Both photos posted by Lost Memory show the same front of the building which was also photographed in the 1941 MGM Report when it was the Walden Theater.

nightfly
nightfly on August 15, 2009 at 2:44 pm

Images is the sort of place that could never survive if not for a prestigious and “intellectual” college a block away, where students will want to see films that won’t show up at the local multiplex.

I lived nearby in ‘78-'79. In those days, there were no other theatres around, unless you wanted to drive to North Adams or Bennington, Vermont. Images was always on a semi-weekly schedule then, alternating foreign films with high-quality Hollywood releases, each running three or four days (sometimes on double- or even triple-bills). The biggest draws would last an entire week. It was a matter of “if you don’t like what they’re showing, wait a few days.”

CSWalczak
CSWalczak on November 23, 2012 at 9:19 pm

The Images Cinema is making the switch to digital projection. View article.

Jmarklin
Jmarklin on February 12, 2016 at 6:02 pm

Images is celebrating it’s 100th year of being a continuously exhibiting film theater.
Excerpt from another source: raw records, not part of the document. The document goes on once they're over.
lemma in_col_nth:
  assumes "distinct (concat D)" "i < length D" "j < length (D ! i)"
  shows "in_col D col (D ! i ! j) = col i ((j + length (D ! i) - 1) mod length (D ! i))"
  using assms by (simp add: in_col_def pos_of_nth)

lemma (in group) foldr_mult_closed:
  assumes "\<And>x. x \<in> set xs \<Longrightarrow> w x \<in> carrier G"
  shows "foldr (\<lambda>x acc. w x \<otimes> acc) xs \<one> \<in> carrier G"
  using assms by (induction xs) auto

lemma (in group) foldr_mult_telescope:
  assumes "xs \<noteq> []"
    and "\<And>x. x \<in> set xs \<Longrightarrow> w x \<in> carrier G \<and> L x \<in> carrier G \<and> R x \<in> carrier G"
    and "\<And>x. x \<in> set xs \<Longrightarrow> w' x = L x \<otimes> w x \<otimes> inv R x"
    and "\<And>k. Suc k < length xs \<Longrightarrow> R (xs ! k) = L (xs ! Suc k)"
  shows "foldr (\<lambda>x acc. w' x \<otimes> acc) xs \<one>
           = L (hd xs) \<otimes> foldr (\<lambda>x acc. w x \<otimes> acc) xs \<one> \<otimes> inv R (last xs)"
  using assms
proof (induction xs)
  case Nil
  then show ?case by simp
next
  case (Cons x ys)
  have x: "w x \<in> carrier G" "L x \<in> carrier G" "R x \<in> carrier G"
    using Cons.prems(2) by simp_all
  show ?case
  proof (cases "ys = []")
    case True
    with x Cons.prems(3) show ?thesis by (simp add: m_assoc)
  next
    case False
    let ?F = "foldr (\<lambda>x acc. w x \<otimes> acc) ys \<one>"
    have F: "?F \<in> carrier G" and last: "R (last ys) \<in> carrier G"
      using Cons.prems(2) False by (auto intro: foldr_mult_closed)
    have link: "R x = L (hd ys)"
      using Cons.prems(4)[of 0] False by (simp add: hd_conv_nth)
    have IH: "foldr (\<lambda>x acc. w' x \<otimes> acc) ys \<one> = R x \<otimes> ?F \<otimes> inv R (last ys)"
      using Cons.IH[OF False] Cons.prems(2-4) link by force
    have "foldr (\<lambda>x acc. w' x \<otimes> acc) (x # ys) \<one>
            = (L x \<otimes> w x \<otimes> inv R x) \<otimes> (R x \<otimes> ?F \<otimes> inv R (last ys))"
      using Cons.prems(3) IH by simp
    also have "\<dots> = L x \<otimes> (w x \<otimes> ?F) \<otimes> inv R (last ys)"
      using x F last by (simp add: m_assoc inv_solve_left')
    finally show ?thesis
      using False by simp
  qed
qed

lemma (in group) conjugate_conj:
  assumes "a \<in> carrier G" "h \<in> carrier G"
  shows "conjugate G a (h \<otimes> a \<otimes> inv h)"
  unfolding conjugate_def
proof
  show "a = inv h \<otimes> (h \<otimes> a \<otimes> inv h) \<otimes> inv (inv h)"
    using assms by (simp add: m_assoc[symmetric]) (simp add: m_assoc)
qed (use assms in simp)

lemma (in group) conj_commuting:
  assumes "a \<in> carrier G" "b \<in> carrier G" "a \<otimes> b = b \<otimes> a"
  shows "a \<otimes> b \<otimes> inv a = b"
  using assms by (simp add: m_assoc)

locale cohomologous_weights = group H for H :: "('a, 'b) monoid_scheme" (structure) +
  fixes S \<beta> :: "'x \<times> 'x \<Rightarrow> 'x \<times> 'x" and f ft g :: "'x \<Rightarrow> 'x \<Rightarrow> 'a" and lam :: "'x \<Rightarrow> 'a"
  assumes f_closed: "f x y \<in> carrier H"
    and g_closed: "g x y \<in> carrier H"
    and g_mult_g_beta: "g x y \<otimes> g (S1 \<beta> x y) (S2 \<beta> x y) = \<one>"
    and beta_involutive: "\<beta> (\<beta> p) = p"
    and lam_closed: "lam x \<in> carrier H"
    and ft_eq: "ft x y = lam x \<otimes> f x y \<otimes> inv lam (S2 S x y)"
    and lam_S1: "lam (S1 S x y) = lam y"
    and lam_beta1: "lam (S1 \<beta> x y) = lam y"
    and lam_g_commute: "lam x \<otimes> g x y = g x y \<otimes> lam x"
begin

lemma inv_ft_eq: "inv ft x y = lam (S2 S x y) \<otimes> inv f x y \<otimes> inv lam x"
  using lam_closed f_closed by (simp add: ft_eq inv_mult_group m_assoc)

lemma lam_beta2: "lam (S2 \<beta> x y) = lam x"
  using lam_beta1[of "S1 \<beta> x y" "S2 \<beta> x y"] beta_involutive[of "(x, y)"]
  by (simp add: S1_def S2_def)

lemma lam_g_commute_right: "lam y \<otimes> g x y = g x y \<otimes> lam y"
proof -
  \<comment> \<open>g x y is the inverse of the weight at \<beta>(x, y), whose first argument carries lam y\<close>
  have "g x y = inv g (S1 \<beta> x y) (S2 \<beta> x y)"
    using g_mult_g_beta g_closed by (metis inv_equality)
  then show ?thesis
    using lam_g_commute[of "S1 \<beta> x y" "S2 \<beta> x y"] lam_closed g_closed
    by (metis lam_beta1 inv_solve_left inv_solve_right m_assoc m_closed)
qed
We would love to hear your stories!

adsausage
adsausage on April 19, 2016 at 4:19 pm

The College Cinema (phone 458-6512) played Medium Cool and Rosemary’s Baby in December ‘69!

Greg_Faris
Greg_Faris on February 4, 2018 at 2:52 pm

I worked there as a projectionist through the mid to late ‘70s, at the time it was acquired by a new, Boston owner, and its name changed from Nickelodeon to Images. The projection room had an ornate, tin ceiling, and featured some of the oldest projection equipment of any theater in the area: Carbon arc lamps, old “straight” Simplex projectors (pre-“Super-Simplex”) projector bases converted from Vitaphone record disc players to optical sound heads, and a vacuum tube amplifier. The power supplies for the carbon arcs were also vacuum tubes. All of those Fellini, Bogdonovich and usual college-town fare were projected on this historical setup. I worked part time at the Mohawk in North Adams at the same time, and at Bennington’s Harte Theater.